[Work task]: Retype, word for word, each line between the lines holding "fix x assume" and "unfolding cond_entropy_pmf_def by", inclusive, and leave the rest of the data alone.

Stored data entries:
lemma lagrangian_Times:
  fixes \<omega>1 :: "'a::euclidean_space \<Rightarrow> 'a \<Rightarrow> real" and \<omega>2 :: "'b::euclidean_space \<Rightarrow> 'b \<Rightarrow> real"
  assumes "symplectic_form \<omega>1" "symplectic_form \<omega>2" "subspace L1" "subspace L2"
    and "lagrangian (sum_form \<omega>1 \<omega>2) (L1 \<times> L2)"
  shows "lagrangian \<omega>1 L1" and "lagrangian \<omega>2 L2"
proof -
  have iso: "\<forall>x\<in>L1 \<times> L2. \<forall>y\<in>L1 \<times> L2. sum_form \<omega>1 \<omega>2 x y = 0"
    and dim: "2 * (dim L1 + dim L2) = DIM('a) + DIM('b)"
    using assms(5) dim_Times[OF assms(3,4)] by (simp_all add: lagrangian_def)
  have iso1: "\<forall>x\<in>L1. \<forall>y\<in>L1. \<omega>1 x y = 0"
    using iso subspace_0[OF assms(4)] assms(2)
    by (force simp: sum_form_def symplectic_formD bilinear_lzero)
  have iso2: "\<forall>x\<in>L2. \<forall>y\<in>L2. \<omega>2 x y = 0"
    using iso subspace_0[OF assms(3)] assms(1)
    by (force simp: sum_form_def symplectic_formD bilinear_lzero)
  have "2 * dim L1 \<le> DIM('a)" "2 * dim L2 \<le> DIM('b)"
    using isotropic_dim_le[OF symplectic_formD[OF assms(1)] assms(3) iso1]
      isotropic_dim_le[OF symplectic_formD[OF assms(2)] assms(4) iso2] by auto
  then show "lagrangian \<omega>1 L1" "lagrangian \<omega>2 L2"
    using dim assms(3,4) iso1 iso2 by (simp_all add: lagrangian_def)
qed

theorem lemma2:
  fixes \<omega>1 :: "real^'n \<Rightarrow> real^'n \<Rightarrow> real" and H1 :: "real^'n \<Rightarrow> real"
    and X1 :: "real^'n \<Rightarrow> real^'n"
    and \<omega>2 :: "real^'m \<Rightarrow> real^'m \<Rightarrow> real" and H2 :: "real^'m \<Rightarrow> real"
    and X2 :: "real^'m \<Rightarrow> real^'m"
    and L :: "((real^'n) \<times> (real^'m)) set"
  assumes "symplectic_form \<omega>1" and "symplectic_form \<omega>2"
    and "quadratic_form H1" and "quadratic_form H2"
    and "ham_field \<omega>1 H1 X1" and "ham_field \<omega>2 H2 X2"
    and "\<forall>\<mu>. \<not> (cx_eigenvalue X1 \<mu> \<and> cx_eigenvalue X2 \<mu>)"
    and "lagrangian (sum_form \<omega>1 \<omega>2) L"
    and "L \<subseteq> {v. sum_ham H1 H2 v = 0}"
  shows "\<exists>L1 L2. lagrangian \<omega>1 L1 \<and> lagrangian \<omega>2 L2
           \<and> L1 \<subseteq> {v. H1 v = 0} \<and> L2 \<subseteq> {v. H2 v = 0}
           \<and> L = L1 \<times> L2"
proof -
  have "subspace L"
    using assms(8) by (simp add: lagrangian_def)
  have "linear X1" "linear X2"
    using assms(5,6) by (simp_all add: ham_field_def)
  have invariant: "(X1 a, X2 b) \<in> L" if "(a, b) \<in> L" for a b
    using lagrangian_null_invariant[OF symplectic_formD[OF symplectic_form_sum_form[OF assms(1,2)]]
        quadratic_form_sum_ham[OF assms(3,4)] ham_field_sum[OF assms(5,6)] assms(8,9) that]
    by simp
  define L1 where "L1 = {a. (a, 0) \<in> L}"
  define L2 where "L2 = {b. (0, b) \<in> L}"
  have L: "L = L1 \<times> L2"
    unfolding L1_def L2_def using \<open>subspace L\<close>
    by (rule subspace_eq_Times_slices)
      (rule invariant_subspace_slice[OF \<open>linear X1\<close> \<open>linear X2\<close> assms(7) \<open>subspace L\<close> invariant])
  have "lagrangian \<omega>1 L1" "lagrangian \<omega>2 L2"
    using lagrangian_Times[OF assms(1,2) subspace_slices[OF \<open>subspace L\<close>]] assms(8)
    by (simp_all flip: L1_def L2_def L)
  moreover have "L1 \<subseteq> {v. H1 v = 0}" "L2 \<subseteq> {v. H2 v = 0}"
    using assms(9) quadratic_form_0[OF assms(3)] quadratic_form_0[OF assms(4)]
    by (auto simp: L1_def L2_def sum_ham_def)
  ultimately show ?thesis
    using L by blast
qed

==

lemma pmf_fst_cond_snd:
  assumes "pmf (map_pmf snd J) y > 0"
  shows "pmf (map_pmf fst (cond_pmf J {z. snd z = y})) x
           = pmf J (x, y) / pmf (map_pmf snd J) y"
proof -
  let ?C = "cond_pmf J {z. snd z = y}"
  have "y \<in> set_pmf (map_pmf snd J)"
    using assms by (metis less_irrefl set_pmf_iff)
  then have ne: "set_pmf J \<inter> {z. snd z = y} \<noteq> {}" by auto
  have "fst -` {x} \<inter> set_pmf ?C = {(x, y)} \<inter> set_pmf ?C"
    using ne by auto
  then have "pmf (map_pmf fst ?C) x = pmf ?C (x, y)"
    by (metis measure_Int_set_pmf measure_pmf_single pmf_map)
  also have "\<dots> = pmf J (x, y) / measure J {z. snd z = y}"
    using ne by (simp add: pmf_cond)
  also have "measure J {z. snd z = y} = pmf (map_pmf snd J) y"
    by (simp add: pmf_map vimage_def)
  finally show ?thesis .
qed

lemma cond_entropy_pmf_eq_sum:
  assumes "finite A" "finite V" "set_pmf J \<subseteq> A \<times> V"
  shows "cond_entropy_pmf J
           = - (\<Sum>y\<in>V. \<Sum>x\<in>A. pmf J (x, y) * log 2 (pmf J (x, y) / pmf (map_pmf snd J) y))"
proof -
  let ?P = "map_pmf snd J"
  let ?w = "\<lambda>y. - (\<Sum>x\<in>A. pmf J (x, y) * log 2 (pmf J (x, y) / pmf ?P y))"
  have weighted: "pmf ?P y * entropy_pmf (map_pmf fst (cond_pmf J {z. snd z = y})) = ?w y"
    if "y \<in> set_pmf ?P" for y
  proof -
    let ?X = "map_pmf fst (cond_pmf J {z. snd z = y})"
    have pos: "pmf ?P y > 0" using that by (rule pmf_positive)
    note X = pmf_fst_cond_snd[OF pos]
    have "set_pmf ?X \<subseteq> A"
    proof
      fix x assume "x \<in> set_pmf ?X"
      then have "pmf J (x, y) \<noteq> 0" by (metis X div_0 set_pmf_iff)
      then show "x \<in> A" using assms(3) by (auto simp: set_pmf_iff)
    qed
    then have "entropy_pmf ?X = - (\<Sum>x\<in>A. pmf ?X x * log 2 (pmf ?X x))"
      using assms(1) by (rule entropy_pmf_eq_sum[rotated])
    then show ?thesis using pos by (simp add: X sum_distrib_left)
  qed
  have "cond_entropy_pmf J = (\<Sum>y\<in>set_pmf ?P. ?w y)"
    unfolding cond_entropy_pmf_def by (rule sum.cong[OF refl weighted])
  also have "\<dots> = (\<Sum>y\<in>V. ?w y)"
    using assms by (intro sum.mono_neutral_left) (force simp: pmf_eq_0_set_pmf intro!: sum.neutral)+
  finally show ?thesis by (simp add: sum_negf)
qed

[Answer below]:
      fix x assume "x \<in> set_pmf ?X"
      then have "pmf J (x, y) \<noteq> 0" by (metis X div_0 set_pmf_iff)
      then show "x \<in> A" using assms(3) by (auto simp: set_pmf_iff)
    qed
    then have "entropy_pmf ?X = - (\<Sum>x\<in>A. pmf ?X x * log 2 (pmf ?X x))"
      using assms(1) by (rule entropy_pmf_eq_sum[rotated])
    then show ?thesis using pos by (simp add: X sum_distrib_left)
  qed
  have "cond_entropy_pmf J = (\<Sum>y\<in>set_pmf ?P. ?w y)"
    unfolding cond_entropy_pmf_def by (rule sum.cong[OF refl weighted])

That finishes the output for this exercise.